# Collected data

lemma line_reduction:
  assumes N: "1 \<le> N" and k: "k \<in> Kgrp v"
    and k31: "in_ideal v (int N) (k$3$1)" and k32: "in_ideal v (int N) (k$3$2)"
  shows "\<exists>t\<in>line_cells N. \<exists>m\<in>Kgrp v.
    in_ideal v (int N) (m$2$1) \<and> in_ideal v (int N) (m$3$1) \<and> in_ideal v (int N) (m$3$2) \<and> k = m ** t"
proof -
  have "in_ideal v 1 (k$3$1)" "in_ideal v 1 (k$3$2)"
    using k31 k32 N in_ideal_mono by auto
  then show ?thesis
    using Kgrp_row2_has_unit[OF k] line_reduction_22[OF k k31 k32] line_reduction_21[OF N k k31 k32]
    by blast
qed

lemma corner_reduction:
  assumes N: "1 \<le> N" and k: "k \<in> Kgrp v" and k21: "in_ideal v (int N) (k$2$1)"
    and k31: "in_ideal v (int N) (k$3$1)" and k32: "in_ideal v (int N) (k$3$2)"
  shows "\<exists>t\<in>corner_cells N. \<exists>h\<in>Kgrp_level v N. k = h ** t"
proof -
  have "\<not> in_ideal v 1 (k$3$3)"
    using Kgrp_corner_unit[OF k] k21 k31 k32 N in_ideal_mono by auto
  then have b: "k$3$3 \<noteq> 0" "v (k$3$3) = 0"
    using unit_of_not_in_ideal[OF Kgrp_entry_integral[OF k]] by auto
  obtain x where x: "x \<in> expansions w S N" "in_ideal v (int N + int N) (k$3$1 - x * (w ^ N * k$3$3))"
    using exists_expansion_quotient[OF k31 unit_times_uniformizer_power[OF b]] by blast
  have wx: "in_ideal v (int N) (w ^ N * x)"
    using in_ideal_mult_right[OF in_ideal_uniformizer_power expansions_integral[OF x(1)]] .
  define s where "s = matrix3 1 0 0 0 1 0 (- (w ^ N * x)) 0 (1::'a)"
  define t where "t = matrix3 1 0 0 0 1 0 (w ^ N * x) 0 (1::'a)"
  have "s \<in> Kgrp v"
    by (rule Kgrp_of_unit_det)
      (use in_ideal_mono[OF wx] in
        \<open>simp_all add: s_def integral_mat_iff forall_3 in_ideal_one det_3 not_in_ideal_one\<close>)
  then have "k ** s \<in> Kgrp v \<and> k = (k ** s) ** t"
    by (rule Kgrp_factor_right[OF k]) (simp add: s_def t_def mat3_eq_iff matrix_mult_nth3)
  moreover have "in_ideal v (int N) ((k ** s)$2$1)"
    using in_ideal_diff[OF k21 in_ideal_mult_left[OF Kgrp_entry_integral[OF k] wx]]
    unfolding s_def matrix_mult_nth3 by simp
  moreover have "in_ideal v (2 * int N) ((k ** s)$3$1)"
    using x(2) unfolding s_def matrix_mult_nth3 by (simp add: algebra_simps mult_2)
  moreover have "in_ideal v (int N) ((k ** s)$3$2)"
    using k32 unfolding s_def matrix_mult_nth3 by simp
  moreover have "t \<in> corner_cells N"
    unfolding corner_cells_def t_def using x(1) by blast
  ultimately show ?thesis
    unfolding Kgrp_level_def by blast
qed

definition cells :: "nat \<Rightarrow> 'a mat3 set" where
  "cells N = (\<lambda>(a, b, c). a ** b ** c) ` (corner_cells N \<times> line_cells N \<times> plane_cells N)"

lemma Kgrp_cell_decomposition:
  assumes N: "1 \<le> N" and k: "k \<in> Kgrp v"
  shows "\<exists>t\<in>cells N. \<exists>h\<in>Kgrp_level v N. k = h ** t"
proof -
  obtain t1 m1 where t1: "t1 \<in> plane_cells N" "m1 \<in> Kgrp v" "k = m1 ** t1"
    and m1: "in_ideal v (int N) (m1$3$1)" "in_ideal v (int N) (m1$3$2)"
    using plane_reduction[OF N k] by blast
  obtain t2 m2 where t2: "t2 \<in> line_cells N" "m2 \<in> Kgrp v" "m1 = m2 ** t2"
    and m2: "in_ideal v (int N) (m2$2$1)" "in_ideal v (int N) (m2$3$1)" "in_ideal v (int N) (m2$3$2)"
    using line_reduction[OF N t1(2) m1] by blast
  obtain t3 h where t3: "t3 \<in> corner_cells N" "h \<in> Kgrp_level v N" "m2 = h ** t3"
    using corner_reduction[OF N t2(2) m2] by blast
  have "k = h ** (t3 ** t2 ** t1)"
    using t1(3) t2(3) t3(3) by (simp add: matrix_mul_assoc)
  moreover have "t3 ** t2 ** t1 \<in> cells N"
    unfolding cells_def using t1(1) t2(1) t3(1) by (intro rev_image_eqI[of "(t3, t2, t1)"]) auto
  ultimately show ?thesis
    using t3(2) by blast
qed

lemma finite_cells: "finite (cells N)"
  unfolding cells_def corner_cells_def line_cells_def plane_cells_def
  by (simp add: finite_expansions finite_reps)

lemma card_cells_le:
  defines "c \<equiv> card S"
  shows "card (cells N) \<le> c ^ N * (c ^ N + c ^ (N - 1)) *
    (c ^ N * c ^ N + c ^ N * c ^ (N - 1) + c ^ (N - 1) * c ^ (N - 1))"
proof -
  have E: "card (expansions w S m) \<le> c ^ m" for m
    unfolding c_def using card_expansions_le[OF finite_reps] .
  have fin: "finite (expansions w S m)" for m
    using finite_expansions[OF finite_reps] .
  have "card (corner_cells N) \<le> c ^ N"
    unfolding corner_cells_def using card_image_le[OF fin] E order_trans by blast
  moreover have "card (line_cells N) \<le> c ^ N + c ^ (N - 1)"
    unfolding line_cells_def
    by (intro order_trans[OF card_Un_le] add_mono order_trans[OF card_image_le[OF fin] E])
  moreover have "card (plane_cells N) \<le> c ^ N * c ^ N + c ^ N * c ^ (N - 1) + c ^ (N - 1) * c ^ (N - 1)"
    unfolding plane_cells_def
    by (intro order_trans[OF card_Un_le] add_mono order_trans[OF card_image_le]
        order_trans[OF eq_imp_le[OF card_cartesian_product]] mult_mono E) (simp_all add: fin)
  moreover have "card (cells N) \<le> card (corner_cells N) * card (line_cells N) * card (plane_cells N)"
  proof -
    have "finite (corner_cells N)" "finite (line_cells N)" "finite (plane_cells N)"
      unfolding corner_cells_def line_cells_def plane_cells_def by (simp_all add: fin)
    then have "card (cells N) \<le> card (corner_cells N \<times> line_cells N \<times> plane_cells N)"
      unfolding cells_def by (intro card_image_le) simp
    then show ?thesis
      by (simp add: card_cartesian_product mult.assoc)
  qed
  ultimately show ?thesis
    by (meson mult_le_mono order_trans)
qed
(* Let $G\curvearrowright X$ be a Borel action of a countable group on a standard Borel space. If for every $x\in X$ the stabilizer $\mathrm{Stab}_G(x)$ is uniformly coamenable in $G$, then the orbit equivalence relation $E_G^X$ is Borel amenable.
   Context: For a set $A$, $\mathrm{Prob}(A)$ is the set of nonnegative $p\in\ell^1(A)$ with $\|p\|_1=1$. For an action $G\curvearrowright Y$, $p\in\mathrm{Prob}(G)$ and $y\in Y$, $py\in\mathrm{Prob}(G\cdot y)$ denotes the pushforward of $p$ under $g\mapsto gy$. Given a finite $S\subseteq G$ and $\varepsilon>0$, an $(S,\varepsilon)$-Reiter function for $G\curvearrowright Y$ is some $p\in\mathrm{Prob}(G)$ such that $\|py-psy\|_1<\varepsilon$ for all $s\in S$ and all $y\in Y$. A subgroup $H\le G$ is uniformly coamenable if for every finite $S\subseteq G$ and every $\varepsilon>0$ the action $G\curvearrowright G/H$ has an $(S,\varepsilon)$-Reiter function. A CBER $E$ on $X$ is Borel amenable if there is a sequence $(p_i)_{i\in\mathbb N}$, each $p_i$ assigning to every $x\in X$ some $p^x_i\in\mathrm{Prob}([x]_E)$, such that for every $(x,y)\in E$ and $\varepsilon>0$, for all but finitely many $i$, $\|p_i^x-p_i^y\|_1<\varepsilon$, and such that for each $i$ the map $E\to\mathbb R$, $(x,y)\mapsto p_i^x(\{y\})$ is Borel. *)

theory Defs
  imports "HOL-Analysis.Analysis"
begin

definition prob_on :: "'a set \<Rightarrow> ('a \<Rightarrow> real) \<Rightarrow> bool" where
  "prob_on A p \<longleftrightarrow> (\<forall>z. 0 \<le> p z) \<and> (\<forall>z. z \<notin> A \<longrightarrow> p z = 0)
     \<and> p summable_on A \<and> (\<Sum>\<^sub>\<infinity> z\<in>A. p z) = 1"

definition l1dist :: "('a \<Rightarrow> real) \<Rightarrow> ('a \<Rightarrow> real) \<Rightarrow> real" where
  "l1dist f g = (\<Sum>\<^sub>\<infinity> z. \<bar>f z - g z\<bar>)"

definition pushfwd :: "('g \<Rightarrow> real) \<Rightarrow> ('g \<Rightarrow> 'y \<Rightarrow> 'y) \<Rightarrow> 'y \<Rightarrow> 'y \<Rightarrow> real" where
  "pushfwd p b y w = (\<Sum>\<^sub>\<infinity> g\<in>{g. b g y = w}. p g)"

definition reiter_fn :: "('g \<Rightarrow> 'y \<Rightarrow> 'y) \<Rightarrow> 'y set \<Rightarrow> 'g set \<Rightarrow> real \<Rightarrow> ('g \<Rightarrow> real) \<Rightarrow> bool" where
  "reiter_fn b Y S eps p \<longleftrightarrow> prob_on UNIV p \<and>
     (\<forall>s\<in>S. \<forall>y\<in>Y. l1dist (pushfwd p b y) (pushfwd p b (b s y)) < eps)"

definition left_cosets :: "'g::group_add set \<Rightarrow> 'g set set" where
  "left_cosets H = {(\<lambda>k. g + k) ` H | g. True}"

definition coset_action :: "'g::group_add \<Rightarrow> 'g set \<Rightarrow> 'g set" where
  "coset_action g C = (\<lambda>k. g + k) ` C"

definition uniformly_coamenable :: "'g::group_add set \<Rightarrow> bool" where
  "uniformly_coamenable H \<longleftrightarrow>
     (\<forall>S eps. finite S \<longrightarrow> eps > 0 \<longrightarrow>
        (\<exists>p. reiter_fn coset_action (left_cosets H) S eps p))"

definition borel_action :: "'x measure \<Rightarrow> ('g::group_add \<Rightarrow> 'x \<Rightarrow> 'x) \<Rightarrow> bool" where
  "borel_action M a \<longleftrightarrow>
     (\<forall>x\<in>space M. a 0 x = x) \<and>
     (\<forall>g h. \<forall>x\<in>space M. a (g + h) x = a g (a h x)) \<and>
     (\<forall>g. a g \<in> M \<rightarrow>\<^sub>M M)"

definition stabilizer :: "('g \<Rightarrow> 'x \<Rightarrow> 'x) \<Rightarrow> 'x \<Rightarrow> 'g set" where
  "stabilizer a x = {g. a g x = x}"

definition orbit_eqrel :: "'x measure \<Rightarrow> ('g \<Rightarrow> 'x \<Rightarrow> 'x) \<Rightarrow> ('x \<times> 'x) set" where
  "orbit_eqrel M a = {(x, a g x) | x g. x \<in> space M}"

# Exercise goal
Give the exact lines, and only those, from the line containing "Kgrp v \<and>" through the line containing "using t1(3) t2(3)" in the entries above.

# Output for this exercise
  then have "k ** s \<in> Kgrp v \<and> k = (k ** s) ** t"
    by (rule Kgrp_factor_right[OF k]) (simp add: s_def t_def mat3_eq_iff matrix_mult_nth3)
  moreover have "in_ideal v (int N) ((k ** s)$2$1)"
    using in_ideal_diff[OF k21 in_ideal_mult_left[OF Kgrp_entry_integral[OF k] wx]]
    unfolding s_def matrix_mult_nth3 by simp
  moreover have "in_ideal v (2 * int N) ((k ** s)$3$1)"
    using x(2) unfolding s_def matrix_mult_nth3 by (simp add: algebra_simps mult_2)
  moreover have "in_ideal v (int N) ((k ** s)$3$2)"
    using k32 unfolding s_def matrix_mult_nth3 by simp
  moreover have "t \<in> corner_cells N"
    unfolding corner_cells_def t_def using x(1) by blast
  ultimately show ?thesis
    unfolding Kgrp_level_def by blast
qed

definition cells :: "nat \<Rightarrow> 'a mat3 set" where
  "cells N = (\<lambda>(a, b, c). a ** b ** c) ` (corner_cells N \<times> line_cells N \<times> plane_cells N)"

lemma Kgrp_cell_decomposition:
  assumes N: "1 \<le> N" and k: "k \<in> Kgrp v"
  shows "\<exists>t\<in>cells N. \<exists>h\<in>Kgrp_level v N. k = h ** t"
proof -
  obtain t1 m1 where t1: "t1 \<in> plane_cells N" "m1 \<in> Kgrp v" "k = m1 ** t1"
    and m1: "in_ideal v (int N) (m1$3$1)" "in_ideal v (int N) (m1$3$2)"
    using plane_reduction[OF N k] by blast
  obtain t2 m2 where t2: "t2 \<in> line_cells N" "m2 \<in> Kgrp v" "m1 = m2 ** t2"
    and m2: "in_ideal v (int N) (m2$2$1)" "in_ideal v (int N) (m2$3$1)" "in_ideal v (int N) (m2$3$2)"
    using line_reduction[OF N t1(2) m1] by blast
  obtain t3 h where t3: "t3 \<in> corner_cells N" "h \<in> Kgrp_level v N" "m2 = h ** t3"
    using corner_reduction[OF N t2(2) m2] by blast
  have "k = h ** (t3 ** t2 ** t1)"
    using t1(3) t2(3) t3(3) by (simp add: matrix_mul_assoc)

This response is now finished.